Elsevier

Neurocomputing

Volume 392, 7 June 2020, Pages 168-180
Neurocomputing

Multi-label transfer learning for the early diagnosis of breast cancer

https://doi.org/10.1016/j.neucom.2019.01.112Get rights and content

Abstract

Early diagnosis of breast cancer, when it is small and has not spread, can make the disease easier to treat which increases the patient's chances of survival. The recent proposed methods for the early diagnosis of breast cancer, and while showing great success in achieving this goal, rely on one of the indicators in the mammogram to diagnose the patient's condition. Whether it is identifying differences in shapes and patterns of the findings (i.e. masses, calcifications,…etc.) or assessing the breast density as a risk indicator, these Computer-aided Diagnosis (CAD) systems by using single-label classification, fail to exploit the intrinsic useful correlation information among data from correlated domains.

Rather than learning to identify the disease based on one of the indicators, we propose the joint learning of the tasks using multi-label image classification. Furthermore, we introduce a new fine-tuning strategy for using transfer learning, that takes advantage of the end-to-end image representation learning when adapting the pre-trained Convolutional Neural Network (CNN) to the new task. We also propose a customized label decision scheme, adapted to this problem, which estimates the optimal confidence for each visual concept. We demonstrate the effectiveness of our approach on four benchmark datasets, CBIS-DDSM, BCDR, INBreast and MIAS, obtaining better results compared to other commonly used baselines.

Introduction

Breast cancer is the most common cancer in women, and the second most common cause of death by cancer after lung cancer. [1]. About 40,920 women in the U.S. are expected to die in 2018 from breast cancer, though death rates have been decreasing since 1989 [1]. These decreases are thought to be the result of treatment advances, earlier detection through screening, and increased awareness [1]. Early diagnosis of breast cancer continues to be the best way to save lives and decrease healthcare costs over time. Technologies to detect and diagnose breast cancer continue to advance for the purpose of giving patients less invasive options and better diagnoses [2].

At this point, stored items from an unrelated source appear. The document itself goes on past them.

(* Let $K\ge 2$. Fix constants $\mu_1,\ldots,\mu_M\ge 0$ and $P_1^{\rm ST},\ldots,P_K^{\rm ST}>0$. For a channel realization $\boldsymbol{\alpha}$ consider the problem $$\max_{p_1,\ldots,p_K}\ \log\Big(1+\sum_{k=1}^K h_kp_k\Big)-\sum_{m=1}^M\mu_m\sum_{k=1}^K g_{km}p_k\quad\text{s.t.}\quad 0\le p_k\le P_k^{\rm ST}\ \ \forall k.$$ Let $\pi$ be a permutation of $\{1,\ldots,K\}$ with $\frac{h_{\pi(1)}}{\sum_m\mu_m g_{\pi(1)m}}\ge\frac{h_{\pi(2)}}{\sum_m\mu_m g_{\pi(2)m}}\ge\cdots\ge\frac{h_{\pi(K)}}{\sum_m\mu_m g_{\pi(K)m}}$. Then, for almost every realization $\boldsymbol{\alpha}$, the optimal solution has at most one user with positive power (D-TDMA is optimal) if and only if $$1+h_{\pi(1)}P_{\pi(1)}^{\rm ST}\ \ge\ \frac{h_{\pi(2)}}{\sum_{m=1}^M\mu_m g_{\pi(2)m}} .$$ In that case user $\pi(1)$ is the one selected for transmission, with optimal power $$p_{\pi(1)}^*=\min\Big(P_{\pi(1)}^{\rm ST},\ \Big(\frac{1}{\sum_{m=1}^M\mu_m g_{\pi(1)m}}-\frac{1}{h_{\pi(1)}}\Big)^+\Big),$$ and all other users have zero power.
   Context: $\boldsymbol{\alpha}=(h_1,\ldots,h_K,g_{11},\ldots,g_{KM})$ is a random vector of nonnegative channel power gains ($h_k$: secondary user $k$ to secondary base station; $g_{km}$: secondary user $k$ to primary receiver $m$) with a continuous, differentiable joint cumulative distribution function, the $h_k$'s and $g_{km}$'s being independent. This per-fading-state problem arises (with $\mu_m$ the multipliers of long-term interference-power constraints) in maximizing the ergodic sum rate of the fading cognitive multiple-access channel under short-term transmit-power and long-term interference-power constraints. Conventions: $1/0=+\infty$, $x/0=+\infty$ for $x>0$, $(x)^+=\max(0,x)$. *)

theory Defs
  imports "HOL-Probability.Probability"
begin

text \<open>Users are indexed by a finite type 'k (K = CARD('k)), primary receivers by a
finite type 'm (M = CARD('m)). A channel realization is a pair
(h, g) with h :: real^'k (h_k) and g :: real^('k \<times> 'm) (g_km).\<close>

definition wgain :: "('m::finite \<Rightarrow> real) \<Rightarrow> real^('k::finite \<times> 'm) \<Rightarrow> 'k \<Rightarrow> real" where
  "wgain mu g k = (\<Sum>m\<in>UNIV. mu m * g $ (k, m))"

text \<open>Extended-real quotient with the conventions x/0 = +infinity for x > 0
(and 0/0 taken to be 0; this case is irrelevant almost surely).\<close>
definition eratio :: "real \<Rightarrow> real \<Rightarrow> ereal" where
  "eratio x y = (if y = 0 then (if x > 0 then \<infinity> else 0) else ereal (x / y))"

definition einv :: "real \<Rightarrow> ereal" where
  "einv x = (if x = 0 then \<infinity> else ereal (1 / x))"

definition objective :: "('m::finite \<Rightarrow> real) \<Rightarrow> real^('k::finite) \<Rightarrow> real^('k \<times> 'm) \<Rightarrow> ('k \<Rightarrow> real) \<Rightarrow> real" where
  "objective mu h g p =
     ln (1 + (\<Sum>k\<in>UNIV. h $ k * p k)) - (\<Sum>m\<in>UNIV. mu m * (\<Sum>k\<in>UNIV. g $ (k, m) * p k))"

definition feasible :: "('k \<Rightarrow> real) \<Rightarrow> ('k \<Rightarrow> real) \<Rightarrow> bool" where
  "feasible Pst p \<longleftrightarrow> (\<forall>k. 0 \<le> p k \<and> p k \<le> Pst k)"

definition optimal_power ::
  "('m::finite \<Rightarrow> real) \<Rightarrow> ('k::finite \<Rightarrow> real) \<Rightarrow> real^'k \<Rightarrow> real^('k \<times> 'm) \<Rightarrow> ('k \<Rightarrow> real) \<Rightarrow> bool" where
  "optimal_power mu Pst h g p \<longleftrightarrow>
     feasible Pst p \<and> (\<forall>q. feasible Pst q \<longrightarrow> objective mu h g q \<le> objective mu h g p)"

text \<open>pi : {0..<K} -> users is a bijection ordering the users by nonincreasing
ratio h_k / (sum_m mu_m g_km); pi 0, pi 1 are the paper's pi(1), pi(2).\<close>
definition sorted_perm ::
  "('m::finite \<Rightarrow> real) \<Rightarrow> real^('k::finite) \<Rightarrow> real^('k \<times> 'm) \<Rightarrow> (nat \<Rightarrow> 'k) \<Rightarrow> bool" where
  "sorted_perm mu h g \<pi> \<longleftrightarrow>
     bij_betw \<pi> {..<CARD('k)} UNIV \<and>
     (\<forall>i j. i \<le> j \<longrightarrow> j < CARD('k) \<longrightarrow>
        eratio (h $ \<pi> j) (wgain mu g (\<pi> j)) \<le> eratio (h $ \<pi> i) (wgain mu g (\<pi> i)))"

definition tdma_power ::
  "('m::finite \<Rightarrow> real) \<Rightarrow> ('k::finite \<Rightarrow> real) \<Rightarrow> real^'k \<Rightarrow> real^('k \<times> 'm) \<Rightarrow> 'k \<Rightarrow> 'k \<Rightarrow> real" where
  "tdma_power mu Pst h g u k =
     (if k = u then real_of_ereal (min (ereal (Pst u)) (max 0 (einv (wgain mu g u) - einv (h $ u))))
      else 0)"

definition joint_cdf ::
  "'a measure \<Rightarrow> ('a \<Rightarrow> real^('k::finite)) \<Rightarrow> ('a \<Rightarrow> real^('k \<times> 'm::finite))
     \<Rightarrow> (real^'k) \<times> (real^('k \<times> 'm)) \<Rightarrow> real" where
  "joint_cdf M h g z = measure M {\<omega>\<in>space M. (\<forall>k. h \<omega> $ k \<le> fst z $ k) \<and> (\<forall>i. g \<omega> $ i \<le> snd z $ i)}"

definition gains :: "('a \<Rightarrow> real^('k::finite)) \<Rightarrow> ('a \<Rightarrow> real^('k \<times> 'm::finite)) \<Rightarrow> 'k + ('k \<times> 'm) \<Rightarrow> 'a \<Rightarrow> real" where
  "gains h g i = (case i of Inl k \<Rightarrow> (\<lambda>\<omega>. h \<omega> $ k) | Inr km \<Rightarrow> (\<lambda>\<omega>. g \<omega> $ km))"

end

theory Submission
  imports Defs
begin

text \<open>With c k the weighted interference gain of user k, the per-state problem maximises the concave
  function ln (1 + \<Sum>k. h k p k) - \<Sum>k. c k p k over a box, so its maximisers are exactly its KKT
  points: writing S for the argument of the logarithm, a user with h k / c k > S is at full power
  and one with h k / c k < S is silent. When the ratios are distinct at most one user sits at the
  level S, which makes the maximiser unique. Letting only the best user transmit puts the level at
  min (1 + h P) (max 1 (h / c)) of that user, and this is a KKT point exactly when the second best
  ratio does not exceed 1 + h P; otherwise every maximiser has two active users.
  Genericity holds almost surely: a continuous joint distribution function has atomless marginals,
  so all gains are positive, and h k is independent of the gains that determine the value at which
  the ratios of users k and j would tie.\<close>

section \<open>The per-state concave program\<close>

definition rx_sum :: "('k::finite \<Rightarrow> real) \<Rightarrow> ('k \<Rightarrow> real) \<Rightarrow> real" where
  "rx_sum h p = 1 + (\<Sum>k\<in>UNIV. h k * p k)"

definition utility :: "('k::finite \<Rightarrow> real) \<Rightarrow> ('k \<Rightarrow> real) \<Rightarrow> ('k \<Rightarrow> real) \<Rightarrow> real" where
  "utility h c p = ln (rx_sum h p) - (\<Sum>k\<in>UNIV. c k * p k)"

definition marginal :: "('k::finite \<Rightarrow> real) \<Rightarrow> ('k \<Rightarrow> real) \<Rightarrow> ('k \<Rightarrow> real) \<Rightarrow> 'k \<Rightarrow> real" where
  "marginal h c p k = h k / rx_sum h p - c k"

definition is_max :: "('k::finite \<Rightarrow> real) \<Rightarrow> ('k \<Rightarrow> real) \<Rightarrow> ('k \<Rightarrow> real) \<Rightarrow> ('k \<Rightarrow> real) \<Rightarrow> bool" where
  "is_max P h c p \<longleftrightarrow> feasible P p \<and> (\<forall>q. feasible P q \<longrightarrow> utility h c q \<le> utility h c p)"

definition kkt :: "('k::finite \<Rightarrow> real) \<Rightarrow> ('k \<Rightarrow> real) \<Rightarrow> ('k \<Rightarrow> real) \<Rightarrow> ('k \<Rightarrow> real) \<Rightarrow> bool" where
  "kkt P h c p \<longleftrightarrow>
     (\<forall>k. (0 < marginal h c p k \<longrightarrow> p k = P k) \<and> (marginal h c p k < 0 \<longrightarrow> p k = 0))"

lemma sum_mult_fun_upd:
  fixes f p :: "'k::finite \<Rightarrow> real"
  shows "(\<Sum>j\<in>UNIV. f j * (p(k := t)) j) = (\<Sum>j\<in>UNIV. f j * p j) + f k * (t - p k)"
proof -
  have "(\<Sum>j\<in>UNIV. f j * (p(k := t)) j) = (\<Sum>j\<in>UNIV. f j * p j + (if j = k then f k * (t - p k) else 0))"
    by (rule sum.cong) (auto simp: algebra_simps)
  then show ?thesis by (simp add: sum.distrib)
qed

lemma rx_sum_ge_1: "(\<forall>k. 0 \<le> h k) \<Longrightarrow> feasible P p \<Longrightarrow> 1 \<le> rx_sum h p"
  unfolding rx_sum_def feasible_def by (auto intro!: sum_nonneg)

lemma utility_diff_eq:
  assumes "0 < rx_sum h p"
  shows "utility h c q - utility h c p =
    (ln (rx_sum h q) - ln (rx_sum h p) - (rx_sum h q - rx_sum h p) / rx_sum h p)
    + (\<Sum>k\<in>UNIV. marginal h c p k * (q k - p k))"
proof -
  have "(\<Sum>k\<in>UNIV. marginal h c p k * (q k - p k)) =
      (\<Sum>k\<in>UNIV. h k * q k - h k * p k) / rx_sum h p - (\<Sum>k\<in>UNIV. c k * q k) + (\<Sum>k\<in>UNIV. c k * p k)"
    by (simp add: marginal_def sum_divide_distrib sum_subtractf[symmetric] sum.distrib[symmetric]
        algebra_simps diff_divide_distrib)
  also have "(\<Sum>k\<in>UNIV. h k * q k - h k * p k) = rx_sum h q - rx_sum h p"
    by (simp add: rx_sum_def sum_subtractf)
  finally show ?thesis unfolding utility_def by simp
qed

lemma kkt_marginal_mult_nonpos:
  assumes "kkt P h c p" "feasible P p" "feasible P q"
  shows "marginal h c p k * (q k - p k) \<le> 0"
proof -
  have "0 \<le> q k" "q k \<le> P k" "0 \<le> p k" using assms(2,3) unfolding feasible_def by auto
  then show ?thesis using assms(1) unfolding kkt_def
    by (cases "0 < marginal h c p k"; cases "marginal h c p k < 0")
       (auto simp: mult_nonpos_nonneg mult_nonneg_nonpos)
qed

text \<open>The utility is concave and its gradient is the marginal, so the KKT conditions are sufficient:
  the gain over a KKT point splits into a nonpositive logarithmic remainder and a nonpositive linear term.\<close>

lemma kkt_imp_is_max:
  assumes h: "\<forall>k. 0 \<le> h k" and p: "feasible P p" and K: "kkt P h c p"
  shows "is_max P h c p"
  unfolding is_max_def
proof (intro conjI allI impI p)
  fix q assume q: "feasible P q"
  have S: "1 \<le> rx_sum h p" "1 \<le> rx_sum h q" using rx_sum_ge_1[OF h] p q by auto
  have "ln (rx_sum h q) - ln (rx_sum h p) - (rx_sum h q - rx_sum h p) / rx_sum h p \<le> 0"
    using ln_diff_le[of "rx_sum h q" "rx_sum h p"] S by simp
  moreover have "(\<Sum>k\<in>UNIV. marginal h c p k * (q k - p k)) \<le> 0"
    by (rule sum_nonpos) (use kkt_marginal_mult_nonpos[OF K p q] in auto)
  ultimately show "utility h c q \<le> utility h c p" using utility_diff_eq[of h p c q] S by simp
qed

lemma kkt_is_max_unique:
  assumes h: "\<forall>k. 0 < h k" and p: "feasible P p" and K: "kkt P h c p" and q: "is_max P h c q"
    and single_zero: "\<And>k j. marginal h c p k = 0 \<Longrightarrow> marginal h c p j = 0 \<Longrightarrow> k = j"
  shows "q = p"
proof -
  have qf: "feasible P q" and qo: "utility h c p \<le> utility h c q" using q p unfolding is_max_def by auto
  have S: "1 \<le> rx_sum h p" "1 \<le> rx_sum h q" using rx_sum_ge_1 h p qf less_imp_le by metis+
  define A where "A = ln (rx_sum h q) - ln (rx_sum h p) - (rx_sum h q - rx_sum h p) / rx_sum h p"
  have terms: "\<And>k. marginal h c p k * (q k - p k) \<le> 0" using kkt_marginal_mult_nonpos[OF K p qf] .
  have A: "A \<le> 0" unfolding A_def using ln_diff_le[of "rx_sum h q" "rx_sum h p"] S by simp
  have B: "(\<Sum>k\<in>UNIV. marginal h c p k * (q k - p k)) \<le> 0" by (rule sum_nonpos) (use terms in auto)
  have "0 \<le> A + (\<Sum>k\<in>UNIV. marginal h c p k * (q k - p k))"
    using utility_diff_eq[of h p c q] S qo unfolding A_def by simp
  then have A0: "A = 0" and B0: "(\<Sum>k\<in>UNIV. marginal h c p k * (q k - p k)) = 0" using A B by auto
  have same_rx: "rx_sum h q = rx_sum h p"
    using A0 ln_diff_less[of "rx_sum h q" "rx_sum h p"] S unfolding A_def by force
  have zero_terms: "\<And>k. marginal h c p k * (q k - p k) = 0"
    using B0 terms sum_nonneg_eq_0_iff[of UNIV "\<lambda>k. - (marginal h c p k * (q k - p k))"]
    by (simp add: sum_negf)
  show "q = p"
  proof (rule ccontr)
    assume "q \<noteq> p"
    then obtain k0 where k0: "q k0 \<noteq> p k0" by auto
    then have "marginal h c p k0 = 0" using zero_terms[of k0] by simp
    then have others: "\<And>j. j \<noteq> k0 \<Longrightarrow> q j = p j" using single_zero zero_terms by (metis mult_eq_0_iff right_minus_eq)
    have "rx_sum h q = rx_sum h (p(k0 := q k0))"
      unfolding rx_sum_def by (intro arg_cong[where f="\<lambda>s. 1 + s"] sum.cong) (auto simp: others)
    then have "h k0 * (q k0 - p k0) = 0" using same_rx unfolding rx_sum_def sum_mult_fun_upd by simp
    then show False using k0 h[rule_format, of k0] by simp
  qed
qed

lemma utility_fun_upd_has_derivative:
  assumes "0 < rx_sum h p"
  shows "((\<lambda>t. utility h c (p(k := t))) has_real_derivative marginal h c p k) (at (p k))"
proof -
  have eq: "(\<lambda>t. utility h c (p(k := t))) =
      (\<lambda>t. ln (rx_sum h p + h k * (t - p k)) - ((\<Sum>j\<in>UNIV. c j * p j) + c k * (t - p k)))"
    unfolding utility_def rx_sum_def sum_mult_fun_upd by (simp add: add.assoc)
  show ?thesis unfolding eq marginal_def
    by (rule derivative_eq_intros refl | use assms in simp)+
qed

Mammography is the primary factor in breast cancer mortality reduction, despite the potential drawbacks to the procedure [3]. In fact, reading a mammogram accurately is challenging for most radiologists. In some recent surveys [4], error in diagnosis was the most common cause of malpractice suits against radiologists. The majority of such cases arose from failure to diagnose breast cancer on mammography [4]. To reduce the rate of false-negative diagnoses, lesions with a 2% chance being malignant are recommended for a biopsy [5]. However, only 15 to 30% of the biopsies are found to be malignant [5]. Benign biopsies cause many negative consequences which include fear, pain, anxiety, direct financial expenses, indirect costs related to work missed, and risk of complications [6], [7], [8].

One way researchers have sought to improve the performance of mammography and increase the accuracy of the diagnoses was through a better estimation of breast cancer risk on the basis of mammography findings [9], [10].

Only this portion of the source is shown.